--- EXTRACTED ENTRIES Enclosed Below ---

lemma nn_h_le:
  assumes "square_integrable_cube p f0"
  shows "nn_h p k f0 \<theta> \<le> 4 * nn_h p k f0 c + 4 * (\<integral>x. (nn_linear p k c \<theta> x)\<^sup>2 \<partial>unit_cube_measure p)
           + 4 * nn_remainder_bound p k c \<theta>"
proof -
  interpret prob_space "unit_cube_measure p"
    by (rule prob_space_unit_cube_measure)
  note integrable = integrable_nn_f_diff_sq[OF assms] integrable_nn_linear_sq
  have "nn_h p k f0 \<theta> \<le> (\<integral>x. 4 * (nn_f p k c x - f0 x)\<^sup>2 + 4 * (nn_linear p k c \<theta> x)\<^sup>2
      + 4 * nn_remainder_bound p k c \<theta> \<partial>unit_cube_measure p)"
    unfolding nn_h_def sq_L2_dist_eq_integral
    using integrable nn_f_diff_sq_le by (intro integral_mono) auto
  also have "\<dots> = 4 * nn_h p k f0 c + 4 * (\<integral>x. (nn_linear p k c \<theta> x)\<^sup>2 \<partial>unit_cube_measure p)
      + 4 * nn_remainder_bound p k c \<theta>"
    unfolding nn_h_def sq_L2_dist_eq_integral using integrable by (simp add: prob_space)
  finally show ?thesis .
qed

lemma nn_h_measurable:
  assumes "square_integrable_cube p f0"
  shows "nn_h p k f0 \<in> borel_measurable (param_measure K)"
proof -
  interpret prob_space "unit_cube_measure p"
    by (rule prob_space_unit_cube_measure)
  have [measurable]: "f0 \<in> borel_measurable (unit_cube_measure p)"
    by (rule square_integrable_cubeD(1)[OF assms])
  have "(\<lambda>(\<theta>, x). (nn_f p k \<theta> x - f0 x)\<^sup>2) \<in> borel_measurable (param_measure K \<Otimes>\<^sub>M unit_cube_measure p)"
    unfolding nn_f_eq_preact preact_def by measurable
  then have "(\<lambda>\<theta>. \<integral>x. (nn_f p k \<theta> x - f0 x)\<^sup>2 \<partial>unit_cube_measure p) \<in> borel_measurable (param_measure K)"
    by (rule borel_measurable_lebesgue_integral)
  then show ?thesis
    unfolding nn_h_def[abs_def] sq_L2_dist_eq_integral .
qed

--- End of Enclosed EXTRACTED ENTRIES ---

» **TASK TO COMPLETE**
Write the data out again in full. Match it word for word.

» **EXERCISE RESULT**
lemma nn_h_le:
  assumes "square_integrable_cube p f0"
  shows "nn_h p k f0 \<theta> \<le> 4 * nn_h p k f0 c + 4 * (\<integral>x. (nn_linear p k c \<theta> x)\<^sup>2 \<partial>unit_cube_measure p)
           + 4 * nn_remainder_bound p k c \<theta>"
proof -
  interpret prob_space "unit_cube_measure p"
    by (rule prob_space_unit_cube_measure)
  note integrable = integrable_nn_f_diff_sq[OF assms] integrable_nn_linear_sq
  have "nn_h p k f0 \<theta> \<le> (\<integral>x. 4 * (nn_f p k c x - f0 x)\<^sup>2 + 4 * (nn_linear p k c \<theta> x)\<^sup>2
      + 4 * nn_remainder_bound p k c \<theta> \<partial>unit_cube_measure p)"
    unfolding nn_h_def sq_L2_dist_eq_integral
    using integrable nn_f_diff_sq_le by (intro integral_mono) auto
  also have "\<dots> = 4 * nn_h p k f0 c + 4 * (\<integral>x. (nn_linear p k c \<theta> x)\<^sup>2 \<partial>unit_cube_measure p)
      + 4 * nn_remainder_bound p k c \<theta>"
    unfolding nn_h_def sq_L2_dist_eq_integral using integrable by (simp add: prob_space)
  finally show ?thesis .
qed

lemma nn_h_measurable:
  assumes "square_integrable_cube p f0"
  shows "nn_h p k f0 \<in> borel_measurable (param_measure K)"
proof -
  interpret prob_space "unit_cube_measure p"
    by (rule prob_space_unit_cube_measure)
  have [measurable]: "f0 \<in> borel_measurable (unit_cube_measure p)"
    by (rule square_integrable_cubeD(1)[OF assms])
  have "(\<lambda>(\<theta>, x). (nn_f p k \<theta> x - f0 x)\<^sup>2) \<in> borel_measurable (param_measure K \<Otimes>\<^sub>M unit_cube_measure p)"
    unfolding nn_f_eq_preact preact_def by measurable
  then have "(\<lambda>\<theta>. \<integral>x. (nn_f p k \<theta> x - f0 x)\<^sup>2 \<partial>unit_cube_measure p) \<in> borel_measurable (param_measure K)"
    by (rule borel_measurable_lebesgue_integral)
  then show ?thesis
    unfolding nn_h_def[abs_def] sq_L2_dist_eq_integral .
qed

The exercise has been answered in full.